Walking along La Plage du Boucanet from La Grande-Motte to Le Grau-du-Roi,

you come across an abandoned site populated by the shells of concrete buildings.  At first, all you can see behind the low dunes and their retaining fences are the rooflines.  Soon there appears a hint of graffiti, so you step closer.

DSCF2478-4.jpg

This is the month in which Ursula K Le Guin died, an author I have often been recommended, but have never read.  My science fiction reading is limited.  To the extent it exists at all, it is the world of Nevil Shute's 'On the Beach', John Wyndham's 'The Day of the Triffids' and Ultravox's 'Dancing with Tears in Your Eyes'.  So I know there is a post-apocalyptic world out there and it's lurking behind these dunes, and this is the week it found me.
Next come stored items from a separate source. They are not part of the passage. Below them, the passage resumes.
theorem theorem3p11:
  shows "(\<forall>(V :: 'a set) (E :: 'a set set) (col :: 'a \<Rightarrow> 'c) (n :: nat) (k :: nat).
            simple_graph V E \<and> card V = n \<and> card (col ` V) = k \<and> 0 < k \<and>
            vertex_color_avoiding_connected V E col \<longrightarrow>
            (k \<le> 2 \<longrightarrow> n - 1 \<le> card E) \<and> (3 \<le> k \<longrightarrow> n \<le> card E))
       \<and> (\<forall>(n :: nat) (k :: nat). 1 \<le> k \<and> k \<le> n \<longrightarrow>
            (\<exists>(V :: nat set) (E :: nat set set) (col :: nat \<Rightarrow> nat).
               simple_graph V E \<and> card V = n \<and> card (col ` V) = k \<and>
               vertex_color_avoiding_connected V E col \<and>
               card E = (if k \<le> 2 then n - 1 else n)))"
proof (intro conjI allI impI)
  fix V :: "'a set" and E col n k
  assume "simple_graph V E \<and> card V = n \<and> card (col ` V) = k \<and> 0 < k \<and>
    vertex_color_avoiding_connected V E col"
  then have sg: "simple_graph V E" and n: "card V = n" and k: "card (col ` V) = k"
    and vca: "vertex_color_avoiding_connected V E col" by auto
  have "connected_in E V" by (rule vertex_color_avoiding_connected_imp_connected_in[OF vca])
  then show "n - 1 \<le> card E" using connected_card_le_Suc_card_edges[OF sg] n by simp
  show "n \<le> card E" if "3 \<le> k"
    using sparse_vertex_color_avoiding_connected_colors_le_2[OF sg vca] n k that by fastforce
next
  fix n k :: nat
  assume k: "1 \<le> k \<and> k \<le> n"
  let ?col = "\<lambda>x. min x (k - 1)"
  have colors: "card (?col ` {..<n}) = k" using image_min_lessThan[of k n] k by simp
  show "\<exists>V E (col :: nat \<Rightarrow> nat). simple_graph V E \<and> card V = n \<and> card (col ` V) = k \<and>
      vertex_color_avoiding_connected V E col \<and> card E = (if k \<le> 2 then n - 1 else n)"
  proof (cases "k \<le> 2")
    case True
    then show ?thesis
      using k colors simple_graph_path_edges card_path_edges path_vertex_color_avoiding_connected
      by (intro exI[of _ "{..<n}"] exI[of _ "path_edges n"] exI[of _ ?col]) simp
  next
    case False
    then show ?thesis
      using k colors simple_graph_cycle_edges card_cycle_edges cycle_vertex_color_avoiding_connected
      by (intro exI[of _ "{..<n}"] exI[of _ "cycle_edges n"] exI[of _ ?col]) simp
  qed
qed

end
lemma rotate_vec_Z_list_unit_vec:
  assumes S: "S \<in> subsets_nk n k" and c: "1 \<le> c" "c \<le> k" and kn: "k \<le> n"
  shows "rotate_vec n \<theta> (Z_list k S) (unit_vec n (c - 1)) \<in> vecs_below n (elt S c)"
    and "c \<le> j\<^sub>0 \<Longrightarrow> j\<^sub>0 < elt S c \<Longrightarrow> sin (\<theta> (c, j\<^sub>0)) = 0 \<Longrightarrow>
         rotate_vec n \<theta> (Z_list k S) (unit_vec n (c - 1)) \<in> vecs_below n (elt S c - 1)"
proof -
  let ?H = "concat (map (\<lambda>i. Z_row i (elt S i)) [1..<c])"
  let ?T = "concat (map (\<lambda>i. Z_row i (elt S i)) [Suc c..<Suc k])"
  let ?v = "rotate_vec n \<theta> ?T (unit_vec n (c - 1))"
  have split: "rotate_vec n \<theta> (Z_list k S) (unit_vec n (c - 1)) = rotate_vec n \<theta> ?H (rotate_vec n \<theta> (Z_row c (elt S c)) ?v)"
    unfolding Z_list_split[OF c] rotate_vec_append by simp
  have elt_c: "c \<le> elt S c" "elt S c \<le> n" using subsets_nk_elt[OF S c] by auto
  have finS: "finite S" using subsets_nk_finite[OF S] .
  have "unit_vec n (c - 1) \<in> vecs_below n c" using c kn by (auto simp: vecs_below_def)
  moreover have "\<forall>(a, b)\<in>set ?T. 1 \<le> b \<and> b < n \<and> b \<noteq> c"
  proof (intro ballI, clarify)
    fix a b assume "(a, b) \<in> set ?T"
    then have "Suc c \<le> a" "a \<le> k" "a \<le> b" "b < elt S a" unfolding mem_Z_rows by auto
    then show "1 \<le> b \<and> b < n \<and> b \<noteq> c" using subsets_nk_elt(2)[OF S, of a] c by simp
  qed
  ultimately have v: "?v \<in> vecs_below n c" by (rule rotate_vec_vecs_below[rotated])
  have H: "\<forall>(a, b)\<in>set ?H. 1 \<le> b \<and> b < n \<and> b \<noteq> m" if "elt S c - 1 \<le> m" for m
  proof (intro ballI, clarify)
    fix a b assume "(a, b) \<in> set ?H"
    then have a: "1 \<le> a" "a < c" "a \<le> b" "b < elt S a" unfolding mem_Z_rows by auto
    have "elt S a < elt S c"
      using elt_strict_mono[OF finS a(1,2)] S c by (simp add: subsets_nk_def)
    then show "1 \<le> b \<and> b < n \<and> b \<noteq> m" using a elt_c that by linarith
  qed
  show "rotate_vec n \<theta> (Z_list k S) (unit_vec n (c - 1)) \<in> vecs_below n (elt S c)"
    unfolding split
    by (rule rotate_vec_vecs_below[OF H rotate_vec_Z_row_vecs_below[OF c(1) elt_c(2) v elt_c(1)]]) simp
  assume j\<^sub>0: "c \<le> j\<^sub>0" "j\<^sub>0 < elt S c" "sin (\<theta> (c, j\<^sub>0)) = 0"
  show "rotate_vec n \<theta> (Z_list k S) (unit_vec n (c - 1)) \<in> vecs_below n (elt S c - 1)"
    unfolding split
    by (rule rotate_vec_vecs_below[OF H rotate_vec_Z_row_vecs_below_sin_zero[where \<theta> = \<theta>, OF c(1) elt_c(2) v j\<^sub>0(1,3,2)]]) simp
qed

definition Rot_matrix :: "nat \<Rightarrow> nat \<Rightarrow> nat set \<Rightarrow> (nat \<times> nat \<Rightarrow> real) \<Rightarrow> real mat" where
  "Rot_matrix n k S \<theta> = rotations n \<theta> (Z_list k S) * id_nk n k"

lemma Rot_eq_col_Rot_matrix: "Rot n k S \<theta> = col (Rot_matrix n k S \<theta>)"
  by (simp add: Rot_def Rot_matrix_def rotations_def)

lemma Rot_matrix_carrier: "Rot_matrix n k S \<theta> \<in> carrier_mat n k"
  unfolding Rot_matrix_def by (rule mult_carrier_mat[OF rotations_carrier]) (simp add: id_nk_def)

lemma col_Rot_matrix:
  assumes "c < k" "k \<le> n"
  shows "Matrix.col (Rot_matrix n k S \<theta>) c = rotate_vec n \<theta> (Z_list k S) (unit_vec n c)"
proof -
  have "Matrix.col (id_nk n k) c = unit_vec n c" using assms by (auto simp: id_nk_def)
  moreover have "id_nk n k \<in> carrier_mat n k" by (simp add: id_nk_def)
  ultimately show ?thesis
    using assms col_mult2[OF rotations_carrier] by (simp add: Rot_matrix_def rotations_mult_vec)
qed

lemma inj_on_Rot_matrix:
  assumes S: "S \<in> subsets_nk n k" and kn: "k \<le> n"
  shows "inj_on ((*\<^sub>v) (Rot_matrix n k S \<theta>)) (carrier_vec k)"
proof (rule inj_onI)
  fix x y assume xy: "x \<in> carrier_vec k" "y \<in> carrier_vec k"
    "Rot_matrix n k S \<theta> *\<^sub>v x = Rot_matrix n k S \<theta> *\<^sub>v y"
  have I: "id_nk n k \<in> carrier_mat n k" by (simp add: id_nk_def)
  have "Rot_matrix n k S \<theta> *\<^sub>v z = rotate_vec n \<theta> (Z_list k S) (id_nk n k *\<^sub>v z)" if "z \<in> carrier_vec k" for z
    using assoc_mult_mat_vec[OF rotations_carrier I that] rotations_mult_vec[OF mult_mat_vec_carrier[OF I that]]
    by (simp add: Rot_matrix_def)
  then have "rotate_vec n \<theta> (Z_list k S) (id_nk n k *\<^sub>v x) = rotate_vec n \<theta> (Z_list k S) (id_nk n k *\<^sub>v y)"
    using xy by simp
  moreover have "\<forall>(i, j)\<in>set (Z_list k S). 1 \<le> j \<and> j < n" using Z_list_range[OF S] by blast
  ultimately have "id_nk n k *\<^sub>v x = id_nk n k *\<^sub>v y"
    using inj_on_rotate_vec xy(1,2) mult_mat_vec_carrier[OF I] by (meson inj_onD)
  moreover have "(id_nk n k *\<^sub>v z) $ a = z $ a" if "z \<in> carrier_vec k" "a < k" for z a
  proof -
    have "row (id_nk n k) a = unit_vec k a" using that kn by (auto simp: id_nk_def)
    then show ?thesis using that kn I by simp
  qed
  ultimately show "x = y"
    using xy(1,2) by (intro eq_vecI) (metis carrier_vecD, simp)
qed

lemma col_Rot_matrix_below:
  assumes S: "S \<in> subsets_nk n k" and kn: "k \<le> n" and i: "1 \<le> i" "i \<le> k" and "c < i"
  shows "Matrix.col (Rot_matrix n k S \<theta>) c \<in> vecs_below n (elt S i)"
proof -
  have "Matrix.col (Rot_matrix n k S \<theta>) c \<in> vecs_below n (elt S (Suc c))"
    using rotate_vec_Z_list_unit_vec(1)[OF S _ _ kn, of "Suc c"] col_Rot_matrix assms by simp
  moreover have "elt S (Suc c) \<le> elt S i"
    using elt_mono[OF subsets_nk_finite[OF S], of "Suc c" i] S assms by (simp add: subsets_nk_def)
  ultimately show ?thesis using vecs_below_mono by blast
qed

lemma col_Rot_matrix_below_boundary:
  assumes S: "S \<in> subsets_nk n k" and kn: "k \<le> n" and ij: "(i, j) \<in> Z k S" "sin (\<theta> (i, j)) = 0"
    and "c < i"
  shows "Matrix.col (Rot_matrix n k S \<theta>) c \<in> vecs_below n (elt S i - 1)"
proof (cases "Suc c = i")
  case True
  have i: "1 \<le> i" "i \<le> k" "i \<le> j" "j < elt S i" using ij(1) by (auto simp: Z_def)
  then have "rotate_vec n \<theta> (Z_list k S) (unit_vec n (i - 1)) \<in> vecs_below n (elt S i - 1)"
    using rotate_vec_Z_list_unit_vec(2)[OF S _ _ kn] ij(2) by blast
  then show ?thesis using col_Rot_matrix[of c k n] True kn i by auto
next
  case False
  have i: "1 \<le> i" "i \<le> k" using ij(1) by (auto simp: Z_def)
  then have "elt S (Suc c) < elt S i"
    using False elt_strict_mono[OF subsets_nk_finite[OF S], of "Suc c" i] S \<open>c < i\<close>
    by (simp add: subsets_nk_def)
  then have "elt S (Suc c) \<le> elt S i - 1" by simp
  moreover have "Matrix.col (Rot_matrix n k S \<theta>) c \<in> vecs_below n (elt S (Suc c))"
    using col_Rot_matrix_below[OF S kn, of "Suc c" c] i \<open>c < i\<close> by simp
  ultimately show ?thesis using vecs_below_mono by blast
qed

theorem lemma2p11:
  fixes n k :: nat and S :: "nat set" and \<theta> :: "nat \<times> nat \<Rightarrow> real"
  assumes "1 \<le> k" and "k \<le> n"
    and "S \<in> subsets_nk n k"
    and "\<forall>z \<in> Z k S. \<theta> z \<in> {0..pi}"
    and "\<exists>z \<in> Z k S. \<theta> z \<notin> {0<..<pi}"
  shows "Rot n k S \<theta> \<in> (\<Union>T \<in> {T \<in> subsets_nk n k. gale_less k T S}. schubert_cell k n T)"
proof -
  define A where "A = Rot_matrix n k S \<theta>"
  define T where "T = pivots n (col A)"
  have A: "A \<in> carrier_mat n k" "inj_on ((*\<^sub>v) A) (carrier_vec k)"
    unfolding A_def using Rot_matrix_carrier inj_on_Rot_matrix[OF assms(3,2)] by simp_all
  have V: "Rot n k S \<theta> = col A" by (simp add: A_def Rot_eq_col_Rot_matrix)
  have "col A \<in> Gr k n" using A by (auto simp: Gr_def)
  then have T: "T \<in> subsets_nk n k" "col A \<in> schubert_cell k n T"
    unfolding T_def by (rule Gr_imp_pivots(1), rule Gr_in_schubert_cell_pivots)
  have "elt T i \<le> elt S i" if "i \<in> {1..k}" for i
    unfolding T_def using that col_Rot_matrix_below[OF assms(3,2)]
    by (intro elt_pivots_col_le[OF A]) (auto simp: A_def)
  then have "gale_le k T S" by (simp add: gale_le_def)
  moreover obtain i j where ij: "(i, j) \<in> Z k S" "sin (\<theta> (i, j)) = 0"
  proof -
    obtain z where "z \<in> Z k S" "\<theta> z = 0 \<or> \<theta> z = pi" using assms(4,5) by force
    then show ?thesis using that by (cases z) auto
  qed
  have "elt T i \<le> elt S i - 1"
    unfolding T_def using ij col_Rot_matrix_below_boundary[where \<theta> = \<theta>, OF assms(3,2) ij]
    by (intro elt_pivots_col_le[OF A]) (auto simp: A_def Z_def)
  then have "T \<noteq> S" using ij(1) by (auto simp: Z_def)
  ultimately show ?thesis using T V by (auto simp: gale_less_def)
qed

end
(* Let $n\ge3$ and let $\mathcal{L}$ be the operator on $\mathbb{R}^{\mathbb{Z}_n}$ given by $(\mathcal{L}v)(k)=\frac12\big(v(k+1)+v(k-1)\big)$ (indices mod $n$), and let $\mathbf{e}_0\in\mathbb{R}^{\mathbb{Z}_n}$ be the indicator vector of $0$. Then for every integer $\tau\ge1$, $$\max\left\{\frac1n,\frac{1}{2\sqrt{\tau}}\right\}\le \langle \mathbf{e}_0,\mathcal{L}^{2\tau}\mathbf{e}_0\rangle\le\frac4n+\frac{1}{\sqrt{\pi\tau}}.$$
   Context: $\mathcal{L}$ is the FTCS operator in dimension $d=1$ with $r=1/2$ (i.e. $\Delta t=\Delta x^2/(2\alpha)$); it is the transition matrix of the simple random walk on the cycle $\mathbb{Z}_n$, and $\langle \mathbf{e}_0,\mathcal{L}^{2\tau}\mathbf{e}_0\rangle=\|\mathcal{L}^\tau\mathbf{e}_0\|_2^2$. *)

theory Defs
  imports "HOL-Analysis.Analysis"
begin

text \<open>Vectors in R^(Z_n) are represented as functions nat => real; only the values
on {0..<n} (residues mod n) matter. Indices are taken mod n.\<close>

definition cycle_op :: "nat \<Rightarrow> (nat \<Rightarrow> real) \<Rightarrow> (nat \<Rightarrow> real)" where
  "cycle_op n v = (\<lambda>k. (v ((k + 1) mod n) + v ((k + n - 1) mod n)) / 2)"

definition e0 :: "nat \<Rightarrow> nat \<Rightarrow> real" where
  "e0 n = (\<lambda>k. if k mod n = 0 then 1 else 0)"

definition cyc_inner :: "nat \<Rightarrow> (nat \<Rightarrow> real) \<Rightarrow> (nat \<Rightarrow> real) \<Rightarrow> real" where
  "cyc_inner n u v = (\<Sum>k<n. u k * v k)"

end

theory Submission
  imports Defs "HOL-Real_Asymp.Real_Asymp"
begin

text \<open>
  Let \<open>p\<close> be the return probability. Since \<open>L\<close> is self-adjoint and preserves total mass,
  \<open>p\<close> is the squared norm of \<open>L\<^sup>\<tau> e\<^sub>0\<close>, a vector with entry sum 1, so \<open>p \<ge> 1/n\<close> by
  Cauchy-Schwarz. Expanding \<open>L = (S + S\<^sup>-\<^sup>1)/2\<close> binomially, \<open>4\<^sup>\<tau> p\<close> is the sum of the
  coefficients \<open>C(2\<tau>, i)\<close> over the \<open>i \<le> 2\<tau>\<close> with \<open>2i \<equiv> 2\<tau> (mod n)\<close>. The term \<open>i = \<tau>\<close>
  gives the central binomial probability \<open>c\<^sub>\<tau>\<close>; since \<open>m c\<^sub>m\<^sup>2\<close> increases from \<open>1/4\<close> to
  its Wallis limit \<open>1/\<pi>\<close>, it lies between \<open>1/(2\<surd>\<tau>)\<close> and \<open>1/\<surd>(\<pi>\<tau>)\<close>. The other
  indices are at least \<open>n/2\<close> apart from each other and from \<open>\<tau>\<close>, so each of their
  coefficients is dominated by the \<open>n/2\<close> coefficients between it and the centre;
  these blocks are disjoint, so the other terms contribute at most \<open>2/n\<close>.
\<close>

lemma cyclic_pred_succ:
  assumes "k < n"
  shows "((k + 1) mod n + n - 1) mod n = (k::nat)"
proof (cases "k + 1 = n")
  case False
  with assms show ?thesis by simp
qed (use assms in simp)

lemma cyclic_succ_pred:
  assumes "k < n"
  shows "((k + n - 1) mod n + 1) mod n = (k::nat)"
  using assms by (simp add: mod_Suc_eq)

lemma sum_cyclic_shift:
  fixes f :: "nat \<Rightarrow> nat \<Rightarrow> 'a::comm_monoid_add"
  assumes "n > 0"
  shows "(\<Sum>k<n. f k ((k + 1) mod n)) = (\<Sum>k<n. f ((k + n - 1) mod n) k)"
  by (rule sum.reindex_bij_witness[where j = "\<lambda>k. (k + 1) mod n" and i = "\<lambda>k. (k + n - 1) mod n"])
     (use assms cyclic_pred_succ cyclic_succ_pred in auto)

lemma cycle_op_self_adjoint:
  assumes "n > 0"
  shows "cyc_inner n u (cycle_op n v) = cyc_inner n (cycle_op n u) v"
proof -
  have succ: "(\<Sum>k<n. u k * v ((k + 1) mod n)) = (\<Sum>k<n. u ((k + n - 1) mod n) * v k)"
    using sum_cyclic_shift[OF assms, of "\<lambda>k l. u k * v l"] .
  have pred: "(\<Sum>k<n. u ((k + 1) mod n) * v k) = (\<Sum>k<n. u k * v ((k + n - 1) mod n))"
    using sum_cyclic_shift[OF assms, of "\<lambda>k l. u l * v k"] .
  have "cyc_inner n u (cycle_op n v)
      = ((\<Sum>k<n. u k * v ((k + 1) mod n)) + (\<Sum>k<n. u k * v ((k + n - 1) mod n))) / 2"
    unfolding cyc_inner_def cycle_op_def by (simp add: sum.distrib distrib_left flip: sum_divide_distrib)
  also have "\<dots> = ((\<Sum>k<n. u ((k + n - 1) mod n) * v k) + (\<Sum>k<n. u ((k + 1) mod n) * v k)) / 2"
    by (simp only: succ pred)
  also have "\<dots> = cyc_inner n (cycle_op n u) v"
    unfolding cyc_inner_def cycle_op_def by (simp add: sum.distrib distrib_right flip: sum_divide_distrib)
  finally show ?thesis .
qed

lemma funpow_cycle_op_self_adjoint:
  assumes "n > 0"
  shows "cyc_inner n u ((cycle_op n ^^ j) v) = cyc_inner n ((cycle_op n ^^ j) u) v"
proof (induction j arbitrary: u)
  case (Suc j)
  have "cyc_inner n u ((cycle_op n ^^ Suc j) v) = cyc_inner n (cycle_op n u) ((cycle_op n ^^ j) v)"
    using cycle_op_self_adjoint[OF assms] by simp
  also have "\<dots> = cyc_inner n ((cycle_op n ^^ Suc j) u) v"
    by (simp only: Suc.IH funpow_Suc_right o_def)
  finally show ?case .
qed simp

lemma sum_cycle_op:
  assumes "n > 0"
  shows "(\<Sum>k<n. cycle_op n w k) = (\<Sum>k<n. w k)"
proof -
  have "(\<Sum>k<n. w ((k + 1) mod n)) = (\<Sum>k<n. w k)"
    using sum_cyclic_shift[OF assms, of "\<lambda>k l. w l"] by simp
  moreover have "(\<Sum>k<n. w ((k + n - 1) mod n)) = (\<Sum>k<n. w k)"
    using sum_cyclic_shift[OF assms, of "\<lambda>k l. w k"] by simp
  ultimately show ?thesis
    unfolding cycle_op_def by (simp add: sum.distrib flip: sum_divide_distrib)
qed

lemma sum_funpow_cycle_op:
  assumes "n > 0"
  shows "(\<Sum>k<n. (cycle_op n ^^ j) w k) = (\<Sum>k<n. w k)"
  by (induction j) (simp_all add: sum_cycle_op[OF assms])

lemma sum_e0:
  assumes "n > 0"
  shows "(\<Sum>k<n. e0 n k) = 1"
proof -
  have "(\<Sum>k<n. e0 n k) = (\<Sum>k<n. if k = 0 then 1 else 0)"
    unfolding e0_def by (rule sum.cong) auto
  with assms show ?thesis by simp
qed

lemma cyc_inner_e0:
  assumes "n > 0"
  shows "cyc_inner n (e0 n) w = w 0"
proof -
  have "cyc_inner n (e0 n) w = (\<Sum>k<n. if k = 0 then w k else 0)"
    unfolding cyc_inner_def e0_def by (rule sum.cong) auto
  with assms show ?thesis by simp
qed

lemma return_prob_ge_inverse:
  assumes "n > 0"
  shows "1 / real n \<le> cyc_inner n (e0 n) ((cycle_op n ^^ (2 * \<tau>)) (e0 n))"
proof -
  define w where "w = (cycle_op n ^^ \<tau>) (e0 n)"
  have "cyc_inner n (e0 n) ((cycle_op n ^^ (2 * \<tau>)) (e0 n)) = cyc_inner n (e0 n) ((cycle_op n ^^ \<tau>) w)"
    unfolding w_def by (simp add: mult_2 funpow_add)
  also have "\<dots> = (\<Sum>k<n. (w k)\<^sup>2)"
    unfolding w_def funpow_cycle_op_self_adjoint[OF assms, of "e0 n" \<tau>]
    by (simp add: cyc_inner_def power2_eq_square)
  finally have p: "cyc_inner n (e0 n) ((cycle_op n ^^ (2 * \<tau>)) (e0 n)) = (\<Sum>k<n. (w k)\<^sup>2)" .
  have "(\<Sum>k<n. w k)\<^sup>2 \<le> (\<Sum>k<n. (w k)\<^sup>2) * card {..<n}"
    by (rule sum_squared_le_sum_of_squares)
  moreover have "(\<Sum>k<n. w k) = 1"
    unfolding w_def sum_funpow_cycle_op[OF assms] by (rule sum_e0[OF assms])
  ultimately show ?thesis
    unfolding p using assms by (simp add: field_simps)
qed

lemma binomial_sum_Suc:
  fixes g :: "nat \<Rightarrow> real"
  shows "(\<Sum>i\<le>Suc t. real (Suc t choose i) * g i)
       = (\<Sum>i\<le>t. real (t choose i) * g (Suc i)) + (\<Sum>i\<le>t. real (t choose i) * g i)"
proof -
  have shift: "(\<Sum>i\<le>Suc t. real (Suc t choose i) * g i)
        = g 0 + (\<Sum>i\<le>t. real (t choose i) * g (Suc i)) + (\<Sum>i\<le>t. real (t choose Suc i) * g (Suc i))"
    by (subst sum.atMost_Suc_shift) (simp add: sum.distrib algebra_simps)
  have "(\<Sum>i\<le>t. real (t choose i) * g i) = (\<Sum>i\<le>Suc t. real (t choose i) * g i)"
    by simp
  also have "\<dots> = g 0 + (\<Sum>i\<le>t. real (t choose Suc i) * g (Suc i))"
    by (subst sum.atMost_Suc_shift) simp
  finally show ?thesis
    using shift by simp
qed

text \<open>Term \<open>i\<close> collects the paths with \<open>i\<close> right and \<open>t - i\<close> left steps; a left step
  is encoded as a right step by \<open>n - 1\<close> to avoid subtraction.\<close>

lemma funpow_cycle_op_eq_binomial_sum:
  assumes "n > 0" "k < n"
  shows "(cycle_op n ^^ t) v k
       = (\<Sum>i\<le>t. real (t choose i) * v ((k + i + (n - 1) * (t - i)) mod n)) / 2 ^ t"
proof (induction t arbitrary: v)
  case (Suc t)
  define g where "g i = v ((k + i + (n - 1) * (Suc t - i)) mod n)" for i
  have step: "cycle_op n v ((k + i + (n - 1) * (t - i)) mod n) = (g (Suc i) + g i) / 2"
    if "i \<le> t" for i
  proof -
    have "(k + i + (n - 1) * (t - i)) mod n + n - 1 = (k + i + (n - 1) * (t - i)) mod n + (n - 1)"
      using assms by simp
    then have "((k + i + (n - 1) * (t - i)) mod n + n - 1) mod n
        = (k + i + (n - 1) * (t - i) + (n - 1)) mod n"
      by (simp add: mod_add_left_eq)
    also have "k + i + (n - 1) * (t - i) + (n - 1) = k + i + (n - 1) * (Suc t - i)"
      using that by (simp add: Suc_diff_le algebra_simps)
    finally show ?thesis
      unfolding cycle_op_def g_def by (simp add: mod_Suc_eq)
  qed
  have "(cycle_op n ^^ Suc t) v k = (cycle_op n ^^ t) (cycle_op n v) k"
    by (simp only: funpow_Suc_right o_def)
  also have "\<dots> = (\<Sum>i\<le>t. real (t choose i) * ((g (Suc i) + g i) / 2)) / 2 ^ t"
    unfolding Suc.IH by (intro arg_cong[where f = "\<lambda>s. s / 2 ^ t"] sum.cong) (use step in auto)
  also have "\<dots> = ((\<Sum>i\<le>t. real (t choose i) * g (Suc i)) + (\<Sum>i\<le>t. real (t choose i) * g i)) / 2 ^ Suc t"
    by (simp add: sum.distrib algebra_simps flip: sum_divide_distrib)
  finally show ?case
    unfolding binomial_sum_Suc g_def .
qed (use assms in simp)

lemma walk_returns_iff:
  fixes n i \<tau> :: nat
  assumes "n > 0" "i \<le> 2 * \<tau>"
  shows "(i + (n - 1) * (2 * \<tau> - i)) mod n = 0 \<longleftrightarrow> 2 * i mod n = 2 * \<tau> mod n"
proof -
  define x where "x = i + (n - 1) * (2 * \<tau> - i)"
  have "(n - 1) * (2 * \<tau> - i) + (2 * \<tau> - i) = n * (2 * \<tau> - i)"
    using assms by (cases n) auto
  then have "x + 2 * \<tau> = 2 * i + n * (2 * \<tau> - i)"
    using assms unfolding x_def by linarith
  then have "(x + 2 * \<tau>) mod n = 2 * i mod n"
    by simp
  moreover have "x mod n = 0 \<longleftrightarrow> (x + 2 * \<tau>) mod n = 2 * \<tau> mod n"
    using mod_eq_dvd_iff_nat[of "2 * \<tau>" "x + 2 * \<tau>" n] by (auto simp: mod_add_left_eq dvd_eq_mod_eq_0)
  ultimately show ?thesis
    unfolding x_def by simp
qed

lemma return_prob_eq_binomial_sum:
  assumes "n > 0"
  shows "cyc_inner n (e0 n) ((cycle_op n ^^ (2 * \<tau>)) (e0 n))
       = (\<Sum>i | i \<le> 2 * \<tau> \<and> 2 * i mod n = 2 * \<tau> mod n. real ((2 * \<tau>) choose i)) / 4 ^ \<tau>"
proof -
  have "cyc_inner n (e0 n) ((cycle_op n ^^ (2 * \<tau>)) (e0 n))
      = (\<Sum>i\<le>2 * \<tau>. real ((2 * \<tau>) choose i) * e0 n ((i + (n - 1) * (2 * \<tau> - i)) mod n)) / 4 ^ \<tau>"
    by (simp add: cyc_inner_e0 assms funpow_cycle_op_eq_binomial_sum power_mult)
  also have "(\<Sum>i\<le>2 * \<tau>. real ((2 * \<tau>) choose i) * e0 n ((i + (n - 1) * (2 * \<tau> - i)) mod n))
      = (\<Sum>i\<le>2 * \<tau>. if 2 * i mod n = 2 * \<tau> mod n then real ((2 * \<tau>) choose i) else 0)"
  proof (rule sum.cong)
    fix i
    assume "i \<in> {..2 * \<tau>}"
    then show "real ((2 * \<tau>) choose i) * e0 n ((i + (n - 1) * (2 * \<tau> - i)) mod n)
        = (if 2 * i mod n = 2 * \<tau> mod n then real ((2 * \<tau>) choose i) else 0)"
      using walk_returns_iff[OF assms, of i \<tau>] by (simp add: e0_def)
  qed simp
  also have "\<dots> = (\<Sum>i | i \<le> 2 * \<tau> \<and> 2 * i mod n = 2 * \<tau> mod n. real ((2 * \<tau>) choose i))"
    by (simp add: sum.If_cases Collect_conj_eq atMost_def Int_commute)
  finally show ?thesis .
qed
Better get reading.

DSCF2468-2.jpg
DSCF2465-Edit-1.jpg

It's a world of sylphidine figures emerging from the walls, missing eyes and limbs, consumed by empty doorways and windows; it's a place where the vegetation, starved of affection and care and water, reaches out to the lifeless structures; where the interior world is bereft, an exposed wound, waiting for its demise.

DSCF2510-1.jpg

Returning to the beach, you realize the seemingly eccentric picnic, guarded over by the bald biker who checked out the stranger wandering amongst the buildings, is more likely a wedding, styled with found objects and strange outfits, a guest list of survivors; a wedding whose protagonists are a modern couple in spite of their dress, hoping for happiness but offering little hope for humanity's survival - without the hairless biker, that is.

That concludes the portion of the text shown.